A visual scene typically contains multiple objects, and often these objects are grouped together into a perceptual unit known as an object ensemble (e.g., leaves on a tree, grapes on a vine). Over the past decade, there has been considerable interest in the cognitive mechanisms that support object ensemble perception. This is likely because not only are object ensembles ubiquitous in everyday vision but also object ensemble representation has adaptive value to everyday behavior. For example, the representation of summary statistics from ensembles of multiple objects complements and guides object-specific processing because it allows the visual system to overcome the capacity limitation inherent in object-based attention (e.g., Alvarez & Cavanagh, 2004; Xu, 2002; Pylyshyn & Storm, 1988; Luck & Vogel, 1997). Indeed, numerous behavioral studies show that observers are able to extract summary information from ensembles of multiple objects, such as their mean size, direction of motion, speed, orientation, and central location. Interestingly, this ability comes at the expense of losing the ability to provide fine details about the individual objects in the ensemble (e.g., Alvarez & Oliva, 2008; Chong & Treisman, 2003; Ariely, 2001; Parkes, Lund, Angelucci, Solomon, & Morgan, 2001; Watamaniuk & Duchon, 1992; Williams & Sekuler, 1984). This demonstrates that there is a tradeoff across these different visual perceptual processes, and consistent with this notion, we have recently demonstrated that there may be different underlying cognitive mechanisms supporting single-object versus object ensemble perception (Cant, Sun, & Xu, 2015).

The neural mechanisms of single-object perception have long been of interest to researchers and have been studied using various techniques such as human neuropsychological case studies, monkey electrophysiology, and, more recently, fMRI. In general, these studies have demonstrated that a number of different cortical regions are involved in processing various visual features of objects. For example, object shape activates a large lateral region of visual cortex, known as the lateral occipital complex (e.g., Kourtzi & Kanwisher, 2001; Grill-Spector et al., 1999; Malach et al., 1995), and object texture activates medial and anterior regions of visual cortex, in parahippocampal cortex and overlapping with the scene-selective parahippocampal place area (PPA; e.g., Cant & Goodale, 2007, 2011; Steeves et al., 2004; James, Culham, Humphrey, Milner, & Goodale, 2003).

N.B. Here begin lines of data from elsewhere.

(* Let $n\geqslant 1$ and let $G_n$ be the complete directed graph on $n$ vertices. Then $\Delta(G_n)$ is the union of a family of $(n-1)^{n-1}$ subcomplexes, each of which is a simplicial sphere of dimension $n-2$; moreover, for each $0<k<n$, exactly $$\frac{(n-1)!}{(n-k-1)!}\,k\,(n-1)^{n-k-2}$$ members of this family are (combinatorially) the $(n-k-1)$-fold bipyramid over the boundary of the $k$-simplex.
   Context: $G_n$ has vertex set $[n]$ and a directed edge $\overrightarrow{xy}$ for every ordered pair $x\neq y$. For a finite directed graph $D$, the complex of directed trees $\Delta(D)$ has the directed edges of $D$ as vertices, and its faces are the edge sets of directed forests in $D$ (vertex-disjoint unions of rooted directed trees; equivalently, edge sets in which every vertex has in-degree at most $1$ and there is no directed cycle). For a simplicial complex $K$ and $m\geqslant 0$, the $m$-fold bipyramid over $K$ is the join $K*S^0*\cdots*S^0$ with $m$ copies of $S^0$, where $S^0$ denotes the complex consisting of two vertices and no edge; the boundary of the $k$-simplex is the complex of all proper subsets of a $(k+1)$-element set. *)

theory Defs
  imports "HOL-Analysis.Analysis"
begin

text \<open>Abstract simplicial complexes are represented by their set of faces
  (a downward closed family of finite sets, containing the empty face).\<close>

definition simplicial_complex :: "'a set set \<Rightarrow> bool" where
  "simplicial_complex K \<longleftrightarrow> K \<noteq> {} \<and> (\<forall>\<sigma>\<in>K. finite \<sigma>) \<and> (\<forall>\<sigma>\<in>K. \<forall>\<tau>. \<tau> \<subseteq> \<sigma> \<longrightarrow> \<tau> \<in> K)"

definition subcomplex :: "'a set set \<Rightarrow> 'a set set \<Rightarrow> bool" where
  "subcomplex L K \<longleftrightarrow> simplicial_complex L \<and> L \<subseteq> K"

text \<open>Geometric realization: points are barycentric coordinate functions
  whose support is a face; topology induced from the product topology.\<close>

definition realization :: "'a set set \<Rightarrow> ('a \<Rightarrow> real) topology" where
  "realization K = subtopology (powertop_real UNIV)
     {f. (\<forall>v. 0 \<le> f v) \<and> finite {v. f v \<noteq> 0} \<and> {v. f v \<noteq> 0} \<in> K
         \<and> sum f {v. f v \<noteq> 0} = 1}"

In contrast to the rich literature on the neural representation of single objects, much less is known about the neural mechanisms supporting object ensemble perception. In our first attempt to examine the neural processing of ensembles (Cant & Xu, 2012), we used the fMRI adaptation approach and found that a region of anterior-medial ventral visual cortex, along the collateral sulcus and overlapping the scene processing region PPA (Epstein & Kanwisher, 1998), was involved in object ensemble representation. We demonstrated that this region was also involved in texture representation, and interestingly, responses for object ensembles and textures were strikingly similar. This is likely explained by the fact that both types of stimuli contain multiple repeating structures that can vary slightly in features such as size, orientation, and color (Portilla & Simoncelli, 2000) and that the extraction of summary statistics is essential in the representations of both. Given that scene representation also involves the extraction of summary statistics (e.g., we do not encode each object in a scene in great detail when we comprehend a scene), anterior-medial ventral visual cortex may play a general role of extracting summary statistics from a host of different visual displays including scenes, textures, and ensembles (Cant & Xu, 2012).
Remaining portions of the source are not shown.